The true answer for the sock problem was:
ref: we could ask what is the probability of having \(k\) unique socks from drawing between some known \(n_1\) singletons and \(n_2\) pairs.
We can simulate the result:
n1 <- 3
n2 <- 21
k <- 11
sim_socks <- function(n1, n2, n_sim=1e5) {
socks <- c(rep(1:n2, 2), n2+(1:n1))
replicate(n_sim, min(which(duplicated(sample(socks)))) )
}
sim <- sim_socks(n1, n2)
mean(sim>k) # probability of no match in the first k socks is
## [1] 0.22712
or we can compute the exact probability via combinatorics:
The number of cases of \(k\) non-matching socks with \(i\) singletons is
\[{n_1 \choose i} {n_2 \choose k-i} 2^{k-i}\]
where \(2^{k-i}\) comes from the fact that we can choose either paired sock from the \(k-i\) socks that come from pairs.
So, the total number of ways of getting \(k\) unique socks is the sum over all possible values of \(i\), namely from \(0\) (no unique sock is a non-matching sock) to \(k\) (all unique socks are non-matching socks), ie,
\[\sum_{i=0}^k {n_1 \choose i} {n_2 \choose k-i} 2^{k-i}\]
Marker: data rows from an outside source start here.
(* Let $P$ be analytic in $\{\operatorname{Re}z>0\}$ and suppose there are constants $M,a,b>0$ such that for every $\delta\in(0,\tfrac{\pi}{2})$ and every $z\in S(-\tfrac{\pi}{2}+\delta,\tfrac{\pi}{2}-\delta)$, $$|P(z)|<M\exp\!\Big(\frac{b}{\delta}\Big)e^{-a|z|}.$$ Then for every $c$ with $0<c<a$ there exist $h>0$ and $M_h>0$ such that $|P(h+iy)|<M_h e^{-c|y|}$ for all real $y$. Consequently $P\equiv0$.
   Context: For $\alpha<\beta$, $S(\alpha,\beta)=\{z\in\mathbb{C}:0<|z|<\infty,\ \alpha<\arg z<\beta\}$. *)

theory Defs
  imports "HOL-Complex_Analysis.Complex_Analysis"
begin

text \<open>The argument is the principal argument Arg (values in (-pi, pi]); the sectors used
  here lie inside (-pi/2, pi/2), so no branch issue arises.\<close>
definition sector :: "real \<Rightarrow> real \<Rightarrow> complex set" where
  "sector \<alpha> \<beta> = {z. z \<noteq> 0 \<and> \<alpha> < Arg z \<and> Arg z < \<beta>}"

end

theory Submission
  imports Defs
begin

text \<open>On the half-plane \<open>Re z \<ge> 2b/(a - c)\<close> one may take \<open>\<delta> = Re z / (2 |z|)\<close> in the
  sector bound: the point lies in the sector and \<open>exp (b/\<delta>) \<le> exp ((a - c) |z|)\<close> consumes
  only part of the decay, leaving \<open>|P z| < M exp (- c |z|)\<close>; on a vertical line \<open>|z| \<ge> |y|\<close>.
  For the vanishing, multiply \<open>P\<close> by the weight \<open>exp (l z (L - Ln z))\<close> with \<open>l = 2c/\<pi>\<close>.
  Its modulus is at most \<open>exp (l Re z (L - ln |z|) + c |z|)\<close>, so the product is bounded by
  \<open>M exp (l h (L - ln h))\<close> on the line \<open>Re z = h\<close> and by \<open>M\<close> on arcs \<open>|z| = R \<ge> e\<^sup>L\<close>.
  The maximum modulus principle then yields \<open>|P w| \<le> A\<^sub>w exp (- l (Re w - h) L)\<close> for all
  large \<open>L\<close>, so \<open>P w = 0\<close> for \<open>Re w > h\<close>, and \<open>P = 0\<close> by analytic continuation.\<close>

lemma in_sector_if_less_Re_div_norm:
  assumes "0 < \<delta>" and "\<delta> < Re z / norm z"
  shows "z \<in> sector (- pi / 2 + \<delta>) (pi / 2 - \<delta>)"
proof -
  have "0 < Re z / norm z" using assms by linarith
  then have z: "0 < Re z" "z \<noteq> 0" by (auto simp: zero_less_divide_iff)
  have "Re z / norm z = cos \<bar>Arg z\<bar>" using cos_Arg[OF z(2)] by simp
  also have "\<dots> = sin (pi / 2 - \<bar>Arg z\<bar>)" by (simp add: sin_cos_eq)
  also have "\<dots> \<le> pi / 2 - \<bar>Arg z\<bar>"
    using z(1) Arg_Re_pos[of z] by (intro sin_x_le_x) linarith
  finally show ?thesis using assms z(2) by (auto simp: sector_def)
qed

lemma sector_bound_imp_half_plane_decay:
  fixes P :: "complex \<Rightarrow> complex" and M a b c :: real
  assumes b: "0 < b" and c: "c < a"
    and bound: "\<And>\<delta> z. 0 < \<delta> \<Longrightarrow> \<delta> < pi / 2 \<Longrightarrow>
        z \<in> sector (- pi / 2 + \<delta>) (pi / 2 - \<delta>) \<Longrightarrow>
        norm (P z) < M * exp (b / \<delta>) * exp (- a * norm z)"
    and z: "2 * b / (a - c) \<le> Re z"
  shows "norm (P z) < M * exp (- c * norm z)"
proof -
  have "0 < 2 * b / (a - c)" using b c by simp
  then have Re_pos: "0 < Re z" using z by linarith
  have "Re z \<le> norm z" by (rule complex_Re_le_cmod)
  then have "0 < norm z" using Re_pos by linarith
  define \<delta> where "\<delta> = Re z / (2 * norm z)"
  have "\<delta> \<le> 1 / 2" using \<open>Re z \<le> norm z\<close> \<open>0 < norm z\<close> by (simp add: \<delta>_def)
  then have "\<delta> < pi / 2" using pi_gt3 by linarith
  have "0 < \<delta>" "\<delta> < Re z / norm z"
    using Re_pos \<open>0 < norm z\<close> by (simp_all add: \<delta>_def field_simps)
  then have "z \<in> sector (- pi / 2 + \<delta>) (pi / 2 - \<delta>)" by (rule in_sector_if_less_Re_div_norm)
  then have P_lt: "norm (P z) < M * (exp (b / \<delta>) * exp (- a * norm z))"
    using bound \<open>0 < \<delta>\<close> \<open>\<delta> < pi / 2\<close> by (simp only: mult.assoc)
  then have "0 < M" by (rule zero_less_mult_pos2[OF order_le_less_trans[OF norm_ge_zero]]) simp
  have "b / \<delta> = 2 * b / Re z * norm z" by (simp add: \<delta>_def)
  also have "\<dots> \<le> (a - c) * norm z"
    using Re_pos c z by (intro mult_right_mono) (simp_all add: field_simps)
  finally have "b / \<delta> \<le> (a - c) * norm z" .
  then have exp_le: "exp (b / \<delta>) * exp (- a * norm z) \<le> exp (- c * norm z)"
    by (simp add: left_diff_distrib flip: exp_add)
  have "M * (exp (b / \<delta>) * exp (- a * norm z)) \<le> M * exp (- c * norm z)"
    using exp_le \<open>0 < M\<close> by (intro mult_left_mono) auto
  with P_lt show ?thesis by (rule less_le_trans)
qed

lemma frontier_half_plane_Int_cball:
  "frontier ({z. h \<le> Re z} \<inter> cball 0 R) \<subseteq> {z. Re z = h} \<union> sphere 0 R"
proof -
  have "frontier {z. h \<le> Re z} = {z. Re z = h}"
    using frontier_halfspace_ge[of "1::complex" h] by simp
  then show ?thesis by (cases "R \<le> 0") (auto simp: frontier_Int)
qed

lemma maximum_modulus_half_plane_Int_cball:
  fixes F :: "complex \<Rightarrow> complex"
  assumes hol: "F holomorphic_on {z. 0 < Re z}" and "0 < h"
    and line: "\<And>z. Re z = h \<Longrightarrow> norm z \<le> R \<Longrightarrow> norm (F z) \<le> K"
    and arc: "\<And>z. h \<le> Re z \<Longrightarrow> norm z = R \<Longrightarrow> norm (F z) \<le> K"
    and w: "h \<le> Re w" "norm w \<le> R"
  shows "norm (F w) \<le> K"
proof -
  let ?S = "{z. h \<le> Re z} \<inter> cball 0 R"
  have closed: "closed ?S" by (intro closed_Int closed_halfspace_Re_ge closed_cball)
  have sub: "?S \<subseteq> {z. 0 < Re z}" using \<open>0 < h\<close> by auto
  show ?thesis
  proof (rule maximum_modulus_frontier[where f = F and S = ?S])
    show "F holomorphic_on interior ?S"
      using hol by (rule holomorphic_on_subset) (use sub interior_subset in blast)
    show "continuous_on (closure ?S) F"
      using holomorphic_on_imp_continuous_on[OF holomorphic_on_subset[OF hol sub]] closed
      by simp
    show "bounded ?S" by (intro bounded_Int disjI2 bounded_cball)
    show "w \<in> ?S" using w by simp
    show "norm (F z) \<le> K" if "z \<in> frontier ?S" for z
    proof -
      have "z \<in> ?S" using that closed frontier_subset_closed by blast
      moreover have "Re z = h \<or> norm z = R" using that frontier_half_plane_Int_cball[of h R] by auto
      ultimately show ?thesis using line arc by auto
    qed
  qed
qed

lemma norm_exp_mult_Ln_le:
  fixes l L :: real
  assumes "0 \<le> l" and "0 < Re z"
  shows "norm (exp (of_real l * z * (of_real L - Ln z)))
           \<le> exp (l * Re z * (L - ln (norm z)) + l * pi / 2 * norm z)"
proof -
  have "z \<noteq> 0" using assms by auto
  have "Im z * Im (Ln z) \<le> \<bar>Im z\<bar> * \<bar>Im (Ln z)\<bar>" by (metis abs_ge_self abs_mult)
  also have "\<dots> \<le> norm z * (pi / 2)"
    using abs_Im_le_cmod Re_Ln_pos_lt_imp[OF assms(2)] by (intro mult_mono) auto
  finally have "l * (Im z * Im (Ln z)) \<le> l * (norm z * (pi / 2))"
    using assms(1) by (rule mult_left_mono)
  then have Im_le: "l * (Im z * Im (Ln z)) \<le> l * pi / 2 * norm z" by (simp add: mult_ac)
  have "norm (exp (of_real l * z * (of_real L - Ln z)))
          = exp (l * Re z * (L - ln (norm z)) + l * (Im z * Im (Ln z)))"
    using \<open>z \<noteq> 0\<close> by (simp add: algebra_simps)
  also have "\<dots> \<le> exp (l * Re z * (L - ln (norm z)) + l * pi / 2 * norm z)"
    using Im_le by simp
  finally show ?thesis .
qed

lemma nonpos_if_le_exp_decay:
  fixes x A k L0 :: real
  assumes "0 < k" and "\<And>L. L0 \<le> L \<Longrightarrow> x \<le> A * exp (- k * L)"
  shows "x \<le> 0"
proof (rule tendsto_lowerbound)
  have "filterlim (\<lambda>L. - k * L) at_bot at_top"
    using assms(1)
    by (simp add: filterlim_uminus_at_bot
        filterlim_tendsto_pos_mult_at_top[OF tendsto_const _ filterlim_ident])
  then show "((\<lambda>L. A * exp (- k * L)) \<longlongrightarrow> 0) at_top"
    by (intro tendsto_mult_right_zero filterlim_compose[OF exp_at_bot])
  show "\<forall>\<^sub>F L in at_top. x \<le> A * exp (- k * L)"
    using eventually_ge_at_top[of L0] assms(2) by (rule eventually_mono)
qed simp

lemma norm_mult_exp_Ln_le_on_half_plane:
  fixes Q :: "complex \<Rightarrow> complex" and M c h L :: real
  assumes hol: "Q holomorphic_on {z. 0 < Re z}" and h: "0 < h" and c: "0 < c"
    and decay: "\<And>z. h \<le> Re z \<Longrightarrow> norm (Q z) \<le> M * exp (- c * norm z)"
    and L: "ln h \<le> L" and w: "h \<le> Re w"
  shows "norm (Q w * exp (of_real (2 * c / pi) * w * (of_real L - Ln w)))
           \<le> M * exp (2 * c / pi * h * (L - ln h))"
proof -
  define l where "l = 2 * c / pi"
  define F where "F z = Q z * exp (of_real l * z * (of_real L - Ln z))" for z
  have "0 < l" using c by (simp add: l_def)
  have "norm (Q (of_real h)) \<le> M * exp (- c * norm (of_real h :: complex))"
    using decay[of "of_real h"] by simp
  then have "0 \<le> M * exp (- c * norm (of_real h :: complex))"
    by (rule order_trans[OF norm_ge_zero])
  then have "0 \<le> M" by (simp add: zero_le_mult_iff)
  have F_le: "norm (F z) \<le> M * exp (l * Re z * (L - ln (norm z)))" if "h \<le> Re z" for z
  proof -
    have "0 < Re z" using that h by linarith
    have "norm (F z) \<le> M * exp (- c * norm z) *
        exp (l * Re z * (L - ln (norm z)) + l * pi / 2 * norm z)"
      unfolding F_def norm_mult
      using decay[OF that] norm_exp_mult_Ln_le[OF less_imp_le[OF \<open>0 < l\<close>] \<open>0 < Re z\<close>] \<open>0 \<le> M\<close>
      by (intro mult_mono) auto
    also have "\<dots> = M * exp (l * Re z * (L - ln (norm z)))"
      by (simp add: l_def mult.assoc flip: exp_add)
    finally show ?thesis .
  qed
  have F_le_K: "norm (F z) \<le> M * exp (l * h * (L - ln h))"
    if "h \<le> Re z" and "l * Re z * (L - ln (norm z)) \<le> l * h * (L - ln h)" for z
    using F_le[OF that(1)] that(2) \<open>0 \<le> M\<close> by (meson exp_le_cancel_iff mult_left_mono order_trans)
  have "norm (F w) \<le> M * exp (l * h * (L - ln h))"
  proof (rule maximum_modulus_half_plane_Int_cball[where F = F and R = "max (norm w) (exp L)"])
    show "F holomorphic_on {z. 0 < Re z}"
      unfolding F_def using hol
      by (intro holomorphic_intros holomorphic_on_Ln) (auto simp: complex_nonpos_Reals_iff)
    show "0 < h" "h \<le> Re w" by fact+
    show "norm w \<le> max (norm w) (exp L)" by simp
  next
    fix z assume z: "Re z = h"
    then have "ln h \<le> ln (norm z)" using h complex_Re_le_cmod[of z] by (intro ln_mono) auto
    then have "l * Re z * (L - ln (norm z)) \<le> l * h * (L - ln h)"
      using z \<open>0 < l\<close> h by (simp add: mult_left_mono)
    then show "norm (F z) \<le> M * exp (l * h * (L - ln h))"
      using z by (intro F_le_K) auto
  next
    fix z assume z: "h \<le> Re z" "norm z = max (norm w) (exp L)"
    then have "exp L \<le> norm z" by simp
    then have "L \<le> ln (norm z)" using exp_gt_zero[of L] by (subst ln_ge_iff) auto
    then have "l * Re z * (L - ln (norm z)) \<le> 0"
      using z h \<open>0 < l\<close> by (intro mult_nonneg_nonpos) auto
    also have "0 \<le> l * h * (L - ln h)" using \<open>0 < l\<close> h L by simp
    finally show "norm (F z) \<le> M * exp (l * h * (L - ln h))"
      using z by (intro F_le_K) auto
  qed
  then show ?thesis by (simp add: F_def l_def)
qed

lemma exp_decay_imp_eq_0_right_of_line:
  fixes Q :: "complex \<Rightarrow> complex" and M c h :: real
  assumes hol: "Q holomorphic_on {z. 0 < Re z}" and h: "0 < h" and c: "0 < c"
    and decay: "\<And>z. h \<le> Re z \<Longrightarrow> norm (Q z) \<le> M * exp (- c * norm z)"
    and w: "h < Re w"
  shows "Q w = 0"
proof -
  define l where "l = 2 * c / pi"
  define A where "A = M * exp (l * (Re w * ln (norm w) - Im w * Im (Ln w) - h * ln h))"
  have "w \<noteq> 0" using w h by auto
  have "norm (Q w) \<le> A * exp (- (l * (Re w - h)) * L)" if "ln h \<le> L" for L
  proof -
    define E where "E = l * (Re w * (L - ln (norm w)) + Im w * Im (Ln w))"
    have "norm (Q w * exp (of_real l * w * (of_real L - Ln w))) \<le> M * exp (l * h * (L - ln h))"
      unfolding l_def
      by (rule norm_mult_exp_Ln_le_on_half_plane[OF hol h c decay that less_imp_le[OF w]])
    moreover have "norm (exp (of_real l * w * (of_real L - Ln w))) = exp E"
      using \<open>w \<noteq> 0\<close> by (simp add: E_def algebra_simps)
    ultimately have "norm (Q w) * exp E \<le> M * exp (l * h * (L - ln h))"
      by (simp add: norm_mult)
    then have "norm (Q w) \<le> M * exp (l * h * (L - ln h)) / exp E"
      by (simp add: pos_le_divide_eq)
    also have "\<dots> = A * exp (- (l * (Re w - h)) * L)"
      unfolding A_def E_def by (simp add: exp_diff algebra_simps flip: exp_add)
    finally show ?thesis .
  qed
  moreover have "0 < l * (Re w - h)" using c w by (simp add: l_def)
  ultimately have "norm (Q w) \<le> 0" by (intro nonpos_if_le_exp_decay) auto
  then show ?thesis by simp
qed

lemma exp_decay_imp_eq_0:
  fixes Q :: "complex \<Rightarrow> complex" and M c h :: real
  assumes hol: "Q holomorphic_on {z. 0 < Re z}" and h: "0 < h" and c: "0 < c"
    and decay: "\<And>z. h \<le> Re z \<Longrightarrow> norm (Q z) \<le> M * exp (- c * norm z)"
    and z: "0 < Re z"
  shows "Q z = 0"
proof (rule analytic_continuation_open[where f = Q and g = "\<lambda>_. 0"])
  show "open {w. h < Re w}" "open {w. 0 < Re w}" by (simp_all add: open_halfspace_Re_gt)
  show "connected {w. 0 < Re w}" by (intro convex_connected convex_halfspace_Re_gt)
  have "of_real (h + 1) \<in> {w. h < Re w}" by simp
  then show "{w. h < Re w} \<noteq> {}" by blast
  show "{w. h < Re w} \<subseteq> {w. 0 < Re w}" using h by auto
  show "Q w = 0" if "w \<in> {w. h < Re w}" for w
    using exp_decay_imp_eq_0_right_of_line[OF hol h c decay] that by simp
qed (use hol z in auto)

theorem mainTheorem8:
  fixes P :: "complex \<Rightarrow> complex" and M a b :: real
  assumes hol: "P holomorphic_on {z. Re z > 0}"
    and M: "M > 0" and a: "a > 0" and b: "b > 0"
    and bound: "\<And>\<delta> z. 0 < \<delta> \<Longrightarrow> \<delta> < pi / 2 \<Longrightarrow>
        z \<in> sector (- pi / 2 + \<delta>) (pi / 2 - \<delta>) \<Longrightarrow>
        norm (P z) < M * exp (b / \<delta>) * exp (- a * norm z)"
  shows "(\<forall>c. 0 < c \<and> c < a \<longrightarrow>
            (\<exists>h Mh. h > 0 \<and> Mh > 0 \<and>
               (\<forall>y::real. norm (P (complex_of_real h + \<i> * complex_of_real y))
                            < Mh * exp (- c * \<bar>y\<bar>))))
         \<and> (\<forall>z. Re z > 0 \<longrightarrow> P z = 0)"
proof (intro conjI allI impI)
  fix c assume c: "0 < c \<and> c < a"
  define h where "h = 2 * b / (a - c)"
  have "0 < h" using b c by (simp add: h_def)
  moreover have "norm (P (of_real h + \<i> * of_real y)) < M * exp (- c * \<bar>y\<bar>)" for y
  proof -
    let ?z = "of_real h + \<i> * of_real y"
    have "norm (P ?z) < M * exp (- c * norm ?z)"
      using sector_bound_imp_half_plane_decay[OF b _ bound] c by (simp add: h_def)
    also have "\<dots> \<le> M * exp (- c * \<bar>y\<bar>)"
      using abs_Im_le_cmod[of ?z] c M by simp
    finally show ?thesis .
  qed
  ultimately show "\<exists>h Mh. h > 0 \<and> Mh > 0 \<and>
      (\<forall>y. norm (P (of_real h + \<i> * of_real y)) < Mh * exp (- c * \<bar>y\<bar>))"
    using M by blast
next
  fix z :: complex assume "0 < Re z"
  have decay: "norm (P w) \<le> M * exp (- (a / 2) * norm w)" if "4 * b / a \<le> Re w" for w
    using sector_bound_imp_half_plane_decay[OF b _ bound, of "a / 2" w] a that by simp
  show "P z = 0"
    by (rule exp_decay_imp_eq_0[OF hol _ _ decay \<open>0 < Re z\<close>]) (use a b in simp_all)
qed

end
(* Let $n\ge 2$, $d\in\mathbb{R}$, $a\in\mathbb{R}_+^n$ (all $a_i>0$), $b\in\mathbb{R}^n$, and consider the problem of minimizing $f(x)=\sum_{i=1}^n \left(\tfrac12 a_i x_i^2+b_i x_i\right)$ over $x\in\mathbb{R}^n$ subject to $\sum_{i=1}^n x_i=d$. Let $H=\mathrm{diag}(a_1,\dots,a_n)$. Let $L\in\mathbb{R}^{n\times n}$ be the weighted Laplacian of an undirected connected graph on $n$ nodes (so $L=L^\top\succeq 0$, $L\mathbf{1}_n=0$, and $0$ is a simple eigenvalue of $L$). Assume there exists $\varepsilon\in[0,1)$ such that $-\varepsilon I_{n-1}\preceq I_{n-1}-U^\top LHL\,U\preceq \varepsilon I_{n-1}$, where $U\in\mathbb{R}^{n\times(n-1)}$ is any matrix whose columns form an orthonormal basis of $\mathbf{1}_n^\perp$. Fix $q\in\{0,1,2,\dots\}$ and an initial point $x^0$ with $\sum_i x^0_i=d$, and define the iteration $$x^{k+1}=x^k-L\sum_{p=0}^{q}(I_n-LHL)^p\,(Lb+LHx^k),\qquad k\ge 0.$$ Then the problem has a unique optimal solution $x^\star$, every iterate satisfies $\sum_i x^k_i=d$, and $x^\star$ is globally exponentially stable for this iteration: there exist a positive definite quadratic function $V$ on the affine set $\{x:\sum_i x_i=d\}$ with $V(x^\star)=0$ and a constant $\hat c\in(0,1)$ independent of $k$ and $x^0$ such that $V(x^{k+1})\le (1-\hat c)V(x^k)$ for all $k$; in particular $x^k\to x^\star$ exponentially fast.
   Context: This iteration is the "distributed approx-Newton" algorithm (DANA) with unit step size: the term $-\sum_{p=0}^q(I_n-LHL)^p(Lb+LHx^k)$ is a truncated Taylor-series ($q$-approximation) of a Newton step for the reformulated unconstrained problem $\min_z f(x^k+Lz)$. $\mathbf{1}_n$ denotes the all-ones vector and $\mathbf{1}_n^\perp$ its orthogonal complement. *)

theory Defs
  imports "HOL-Analysis.Analysis"
begin

definition diag_mat :: "real ^ 'n \<Rightarrow> real ^ 'n ^ 'n" where
  "diag_mat a = (\<chi> i j. if i = j then a $ i else 0)"

text \<open>Matrix power (the type real^'n^'n carries a componentwise power, so we define the matrix one).\<close>
fun mat_pow :: "real ^ 'n ^ 'n \<Rightarrow> nat \<Rightarrow> real ^ 'n ^ 'n" where
  "mat_pow A 0 = mat 1"
| "mat_pow A (Suc p) = A ** mat_pow A p"

definition loewner_le :: "real ^ 'm ^ 'm \<Rightarrow> real ^ 'm ^ 'm \<Rightarrow> bool" where
  "loewner_le A B \<longleftrightarrow> (\<forall>y. y \<bullet> (A *v y) \<le> y \<bullet> (B *v y))"

definition ones :: "real ^ 'n" where
  "ones = (\<chi> i. 1)"

definition weighted_laplacian_connected :: "real ^ 'n ^ 'n \<Rightarrow> bool" where
  "weighted_laplacian_connected L \<longleftrightarrow>
     (\<exists>w :: 'n \<Rightarrow> 'n \<Rightarrow> real.
        (\<forall>i j. w i j = w j i) \<and> (\<forall>i j. 0 \<le> w i j) \<and> (\<forall>i. w i i = 0) \<and>
        (\<forall>i j. L $ i $ j = (if i = j then (\<Sum>k\<in>UNIV. w i k) else - w i j)) \<and>
        (\<forall>i j. (\<lambda>u v. 0 < w u v)\<^sup>*\<^sup>* i j))"

definition quad_obj :: "real ^ 'n \<Rightarrow> real ^ 'n \<Rightarrow> real ^ 'n \<Rightarrow> real" where
  "quad_obj a b x = (\<Sum>i\<in>UNIV. (1/2) * a $ i * (x $ i)\<^sup>2 + b $ i * x $ i)"

definition feasible :: "real \<Rightarrow> real ^ 'n \<Rightarrow> bool" where
  "feasible d x \<longleftrightarrow> (\<Sum>i\<in>UNIV. x $ i) = d"

definition is_optimal :: "real ^ 'n \<Rightarrow> real ^ 'n \<Rightarrow> real \<Rightarrow> real ^ 'n \<Rightarrow> bool" where
  "is_optimal a b d x \<longleftrightarrow> feasible d x \<and> (\<forall>y. feasible d y \<longrightarrow> quad_obj a b x \<le> quad_obj a b y)"

definition dana_step :: "real ^ 'n ^ 'n \<Rightarrow> real ^ 'n \<Rightarrow> real ^ 'n \<Rightarrow> nat \<Rightarrow> real ^ 'n \<Rightarrow> real ^ 'n" where
  "dana_step L a b q x =
     x - L *v ((\<Sum>p\<in>{0..q}. mat_pow (mat 1 - L ** diag_mat a ** L) p)
               *v (L *v b + L *v (diag_mat a *v x)))"

end

theory Submission
  imports Defs
begin

text \<open>
  The optimum x* is the feasible point at which the gradient b + H x is a multiple of the
  all-ones vector, and then f y - f x* = \<Sum>i. a_i/2 (y_i - x*_i)^2 for every feasible y.
  Since L annihilates the all-ones vector, DANA preserves \<Sum>i. x_i, and the projected gradient
  g = L (b + H x) = L H (x - x*) evolves as g' = (I - LHL)^(q+1) g, because the truncated
  Newton series telescopes: LHL \<Sum>p\<le>q. (I - LHL)^p = I - (I - LHL)^(q+1).
  The Loewner hypothesis bounds the quadratic form of the symmetric matrix I - LHL by \<epsilon> on the
  hyperplane W orthogonal to the all-ones vector, so by polarization I - LHL is an
  \<epsilon>-contraction of W. Hence V x = \<parallel>g\<parallel>^2 = (x - x*)^T HLLH (x - x*) contracts by the factor
  \<epsilon>^(2q+2) along the iteration, and V is positive definite on the feasible set because the
  same bound with \<epsilon> < 1 makes LH injective on W.
\<close>

section \<open>Matrices and quadratic forms\<close>

lemma inner_matrix_symmetric:
  fixes A :: "real ^ 'n ^ 'n"
  assumes "transpose A = A"
  shows "x \<bullet> (A *v y) = (A *v x) \<bullet> y"
  by (metis assms dot_lmul_matrix vector_transpose_matrix)

lemma transpose_diag_mat: "transpose (diag_mat a) = diag_mat a"
  by (simp add: transpose_def diag_mat_def vec_eq_iff)

lemma diag_mat_mult_vec: "diag_mat a *v x = (\<chi> i. a $ i * x $ i)"
proof -
  have "(\<Sum>j\<in>UNIV. (if i = j then a $ i else 0) * x $ j)
      = (\<Sum>j\<in>UNIV. if j = i then a $ i * x $ i else 0)" for i
    by (rule sum.cong) auto
  then show ?thesis
    by (simp add: diag_mat_def matrix_vector_mult_def vec_eq_iff)
qed

lemma inner_ones: "ones \<bullet> v = (\<Sum>i\<in>UNIV. v $ i)"
  by (simp add: ones_def inner_vec_def)

lemma mat_pow_geometric_sum:
  "(mat 1 - B) *v ((\<Sum>p\<in>{0..q}. mat_pow B p) *v g) = g - mat_pow B (Suc q) *v g"
proof (induction q)
  case 0
  then show ?case by (simp add: matrix_vector_mult_diff_rdistrib)
next
  case (Suc q)
  then show ?case
    by (simp add: sum.atLeast0_atMost_Suc matrix_vector_mult_add_rdistrib
        matrix_vector_right_distrib matrix_vector_mult_diff_rdistrib
        matrix_vector_mul_assoc[symmetric])
qed

lemma weighted_laplacian_transpose:
  assumes "weighted_laplacian_connected L"
  shows "transpose L = L"
  using assms unfolding weighted_laplacian_connected_def transpose_def
  by (auto simp: vec_eq_iff)

lemma weighted_laplacian_ones:
  assumes "weighted_laplacian_connected L"
  shows "L *v ones = 0"
proof -
  from assms obtain w where "\<forall>i. w i i = 0"
    and "\<forall>i j. L $ i $ j = (if i = j then (\<Sum>k\<in>UNIV. w i k) else - w i j)"
    unfolding weighted_laplacian_connected_def by blast
  then have "L $ i $ j = (if i = j then (\<Sum>k\<in>UNIV. w i k) else 0) - w i j" for i j
    by auto
  then show ?thesis
    by (simp add: vec_eq_iff matrix_vector_mult_def ones_def sum_subtractf)
qed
The total number of getting \(k\) socks from \(n_1\) singletons and \(n_2\) pairs is
\[{n_1+2n_2 \choose k}\]
So the probability we are looking for is the fraction of these two values,
\[\frac{\sum_{i=0}^k {n_1 \choose i} {n_2 \choose k-i} 2^{k-i}}{{n_1+2n_2 \choose k}}\]
exact_socks <- function(n1, n2, k) {
cases <- 0
for(i in 0:k)
cases <- cases + choose(n1,i) * choose(n2,k-i) * 2^(k-i)
total_cases <- choose(n1+2*n2, k)
cases / total_cases
}
exact_socks(n1, n2, k)
## [1] 0.2275212